Category Archives: Desktop 3D Printing News

3D Printing News – Doodle 3D Transform

In a world where we can buy affordable 3d printers it can seem intimidating when it comes to creating your own 3D model for the first time. This is what the founders envisioned when they created their first successful Kickstarter for the Doodle 3d WiFi box with embeded sketch app (still available). For the first time you could not only use your fingers to paint a 2d sketch and extrude it into 3D you could send the design directly to your printer over USB. The WiFi box hosts an app that allows any touch interface like phones or tablets to be the modeling tool wirelessly. It’s much easier than it sounds.

The founders have improved upon the concept by releasing the Doodle3D Transform App, which runs a web technology-based app and forthcoming tablet app, pending a successful campaign.
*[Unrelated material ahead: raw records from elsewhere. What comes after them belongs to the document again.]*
(* For integers $j\ge 1$ let $$I_j=\left[\binom{j+1}{2}^{-1},\binom{j}{2}^{-1}\right)$$ (with the convention $\binom{1}{2}^{-1}=\infty$), and for $\rho>0$ let $\alpha_j(\rho)=1/j+\rho(j-1)/2$ and $\beta_j(\rho)=1/j+\rho(j+1)/2$. Assume $\rho\in I_{j+1}$ for some $j\ge 1$, and let $\rho'=\rho/[1-\alpha_{j+1}(\rho)]$. Then (1) $\rho<\alpha_{j+1}(\rho)$; (2) $\rho'\in I_j$; (3) $\beta_j(\rho')=[1/\alpha_{j+1}(\rho)-1]^{-1}$; (4) $\alpha_{j+1}(\rho)+\rho=\beta_{j+1}(\rho)$. *)

theory Defs
  imports Complex_Main
begin

definition in_I :: "nat \<Rightarrow> real \<Rightarrow> bool" where
  "in_I j \<rho> \<longleftrightarrow> 1 / real ((j+1) choose 2) \<le> \<rho> \<and>
                   (j = 1 \<or> \<rho> < 1 / real (j choose 2))"

definition alpha :: "nat \<Rightarrow> real \<Rightarrow> real" where
  "alpha j \<rho> = 1 / real j + \<rho> * (real j - 1) / 2"

definition beta :: "nat \<Rightarrow> real \<Rightarrow> real" where
  "beta j \<rho> = 1 / real j + \<rho> * (real j + 1) / 2"

end

theory Submission
  imports Defs
begin

text \<open>In terms of the reciprocal \<open>x = 1/\<rho>\<close>, membership \<open>\<rho> \<in> I\<^sub>j\<close> reads
  \<open>C(j,2) < x \<le> C(j+1,2)\<close>, and \<open>1/\<rho>' = (1 - \<alpha>\<^sub>j\<^sub>+\<^sub>1(\<rho>))/\<rho> = j x/(j+1) - j/2\<close>.
  This increasing affine map sends \<open>C(j+1,2)\<close> to \<open>C(j,2)\<close> and \<open>C(j+2,2)\<close> to
  \<open>C(j+1,2)\<close>, hence carries \<open>I\<^sub>j\<^sub>+\<^sub>1\<close> onto \<open>I\<^sub>j\<close>.\<close>

lemma real_choose_two: "real (m choose 2) = real m * (real m - 1) / 2"
  by (induction m) (simp_all add: numeral_2_eq_2 field_simps)

lemma in_I_iff_inverse:
  assumes "0 < j" and "0 < \<rho>"
  shows "in_I j \<rho> \<longleftrightarrow> real (j choose 2) < 1 / \<rho> \<and> 1 / \<rho> \<le> real (Suc j choose 2)"
proof -
  have lower: "1 / real (Suc j choose 2) \<le> \<rho> \<longleftrightarrow> 1 / \<rho> \<le> real (Suc j choose 2)"
    using assms by (simp add: field_simps)
  have upper: "(j = 1 \<or> \<rho> < 1 / real (j choose 2)) \<longleftrightarrow> real (j choose 2) < 1 / \<rho>"
  proof (cases "j \<le> 1")
    case True
    then have "j = 1" using assms(1) by simp
    then show ?thesis using assms(2) by (simp add: binomial_eq_0)
  next
    case False
    then have "0 < real (j choose 2)" by simp
    then show ?thesis using False assms by (auto simp: field_simps)
  qed
  show ?thesis
    unfolding in_I_def Suc_eq_plus1[symmetric] using lower upper by blast
qed

lemma one_minus_alpha_div_eq:
  assumes "\<rho> \<noteq> 0"
  shows "(1 - alpha (Suc j) \<rho>) / \<rho> = real j / (real j + 1) * (1 / \<rho>) - real j / 2"
proof -
  have "1 - alpha (Suc j) \<rho> = real j / (real j + 1) - \<rho> * real j / 2"
    by (simp add: alpha_def field_simps)
  then show ?thesis
    using assms by (simp add: diff_divide_distrib)
qed

lemma one_minus_alpha_div_bounds:
  assumes "0 < j" and "0 < \<rho>" and "in_I (Suc j) \<rho>"
  shows "real (j choose 2) < (1 - alpha (Suc j) \<rho>) / \<rho>"
    and "(1 - alpha (Suc j) \<rho>) / \<rho> \<le> real (Suc j choose 2)"
proof -
  define n where "n = real j"
  define x where "x = 1 / \<rho>"
  have n: "0 < n" using assms(1) by (simp add: n_def)
  have "n * (n + 1) / 2 < x" and "x \<le> (n + 1) * (n + 2) / 2"
    using assms by (auto simp: in_I_iff_inverse real_choose_two n_def x_def algebra_simps)
  then have "0 < n / (n + 1) * (x - n * (n + 1) / 2)"
    and "0 \<le> n / (n + 1) * ((n + 1) * (n + 2) / 2 - x)"
    using n by simp_all
  moreover have "n / (n + 1) * x - n / 2 = n * (n - 1) / 2 + n / (n + 1) * (x - n * (n + 1) / 2)"
    and "n / (n + 1) * x - n / 2 = n * (n + 1) / 2 - n / (n + 1) * ((n + 1) * (n + 2) / 2 - x)"
    using n by (simp_all add: field_simps)
  ultimately have "n * (n - 1) / 2 < n / (n + 1) * x - n / 2"
    and "n / (n + 1) * x - n / 2 \<le> n * (n + 1) / 2"
    by linarith+
  then show "real (j choose 2) < (1 - alpha (Suc j) \<rho>) / \<rho>"
    and "(1 - alpha (Suc j) \<rho>) / \<rho> \<le> real (Suc j choose 2)"
    using assms(2)
    by (simp_all add: one_minus_alpha_div_eq real_choose_two n_def x_def algebra_simps)
qed

lemma one_minus_alpha_pos:
  assumes "0 < j" and "0 < \<rho>" and "in_I (Suc j) \<rho>"
  shows "0 < 1 - alpha (Suc j) \<rho>"
proof -
  have "0 < (1 - alpha (Suc j) \<rho>) / \<rho>"
    using one_minus_alpha_div_bounds(1)[OF assms] by (rule le_less_trans[OF of_nat_0_le_iff])
  then show ?thesis
    using assms(2) by (simp add: zero_less_divide_iff)
qed

lemma in_I_rescale:
  assumes "0 < j" and "0 < \<rho>" and "in_I (Suc j) \<rho>"
  shows "in_I j (\<rho> / (1 - alpha (Suc j) \<rho>))"
proof -
  have "0 < \<rho> / (1 - alpha (Suc j) \<rho>)"
    using assms one_minus_alpha_pos by simp
  then show ?thesis
    using one_minus_alpha_div_bounds[OF assms] assms(1) by (simp add: in_I_iff_inverse)
qed

lemma less_alpha:
  assumes "2 \<le> k" and "0 < \<rho>" and "in_I k \<rho>"
  shows "\<rho> < alpha k \<rho>"
proof (cases "k = 2")
  case True
  then have "\<rho> < 1"
    using assms(3) by (simp add: in_I_def)
  then show ?thesis
    using True by (simp add: alpha_def)
next
  case False
  then have "\<rho> \<le> \<rho> * (real k - 1) / 2"
    using assms(1,2) by (simp add: field_simps)
  moreover have "0 < 1 / real k"
    using assms(1) by simp
  ultimately show ?thesis
    unfolding alpha_def by linarith
qed

lemma beta_rescale:
  assumes "0 < j" and "alpha (Suc j) \<rho> \<noteq> 1"
  shows "beta j (\<rho> / (1 - alpha (Suc j) \<rho>)) = alpha (Suc j) \<rho> / (1 - alpha (Suc j) \<rho>)"
proof -
  define A where "A = 1 - alpha (Suc j) \<rho>"
  have A: "A \<noteq> 0"
    using assms(2) by (simp add: A_def)
  have key: "real j * alpha (Suc j) \<rho> = A + real j * \<rho> * (real j + 1) / 2"
    by (simp add: A_def alpha_def field_simps)
  have "beta j (\<rho> / A) = 1 / real j + \<rho> / A * (real j + 1) / 2"
    by (simp add: beta_def)
  also have "\<dots> = (A + real j * \<rho> * (real j + 1) / 2) / (real j * A)"
    using assms(1) A by (simp add: field_simps)
  also have "\<dots> = alpha (Suc j) \<rho> / A"
    using assms(1) A by (simp flip: key)
  finally show ?thesis
    by (simp add: A_def)
qed

lemma inverse_inverse_minus_one:
  fixes a :: real
  assumes "a \<noteq> 0"
  shows "inverse (1 / a - 1) = a / (1 - a)"
  using assms by (cases "a = 1") (simp_all add: field_simps)

lemma alpha_add_self: "alpha k \<rho> + \<rho> = beta k \<rho>"
  by (simp add: alpha_def beta_def field_simps)

theorem lemma2:
  fixes j :: nat and \<rho> :: real
  assumes "j \<ge> 1" and "\<rho> > 0" and "in_I (j+1) \<rho>"
  defines "\<rho>' \<equiv> \<rho> / (1 - alpha (j+1) \<rho>)"
  shows "\<rho> < alpha (j+1) \<rho> \<and> in_I j \<rho>' \<and>
         beta j \<rho>' = inverse (1 / alpha (j+1) \<rho> - 1) \<and>
         alpha (j+1) \<rho> + \<rho> = beta (j+1) \<rho>"
proof -
  have j: "0 < j" and I: "in_I (Suc j) \<rho>"
    using assms(1,3) by simp_all
  have less: "\<rho> < alpha (Suc j) \<rho>"
    using less_alpha assms(1,2) I by simp
  have "alpha (Suc j) \<rho> \<noteq> 1"
    using one_minus_alpha_pos[OF j assms(2) I] by simp
  then have "beta j \<rho>' = inverse (1 / alpha (Suc j) \<rho> - 1)"
    using less assms(2)
    by (simp add: \<rho>'_def beta_rescale[OF j] inverse_inverse_minus_one)
  then show ?thesis
    using less in_I_rescale[OF j assms(2) I] alpha_add_self by (simp add: \<rho>'_def)
qed

end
You can draw by hand, scan photos/drawings or import existing images. In addition to sending your design to your 3D-printer you can upload it to an online service like 3D Hubs for output, if you’re still saving up for a printer. But instead of being limited to single-walled prints you can create complex objects with the same simplicity of the original. Watch the video above and see all the capabilities on their campaign page.

I can’t think of a quicker or more fun way to get started in modeling! You can find out more about the features on the Kickstarter Page and more about their company on their website.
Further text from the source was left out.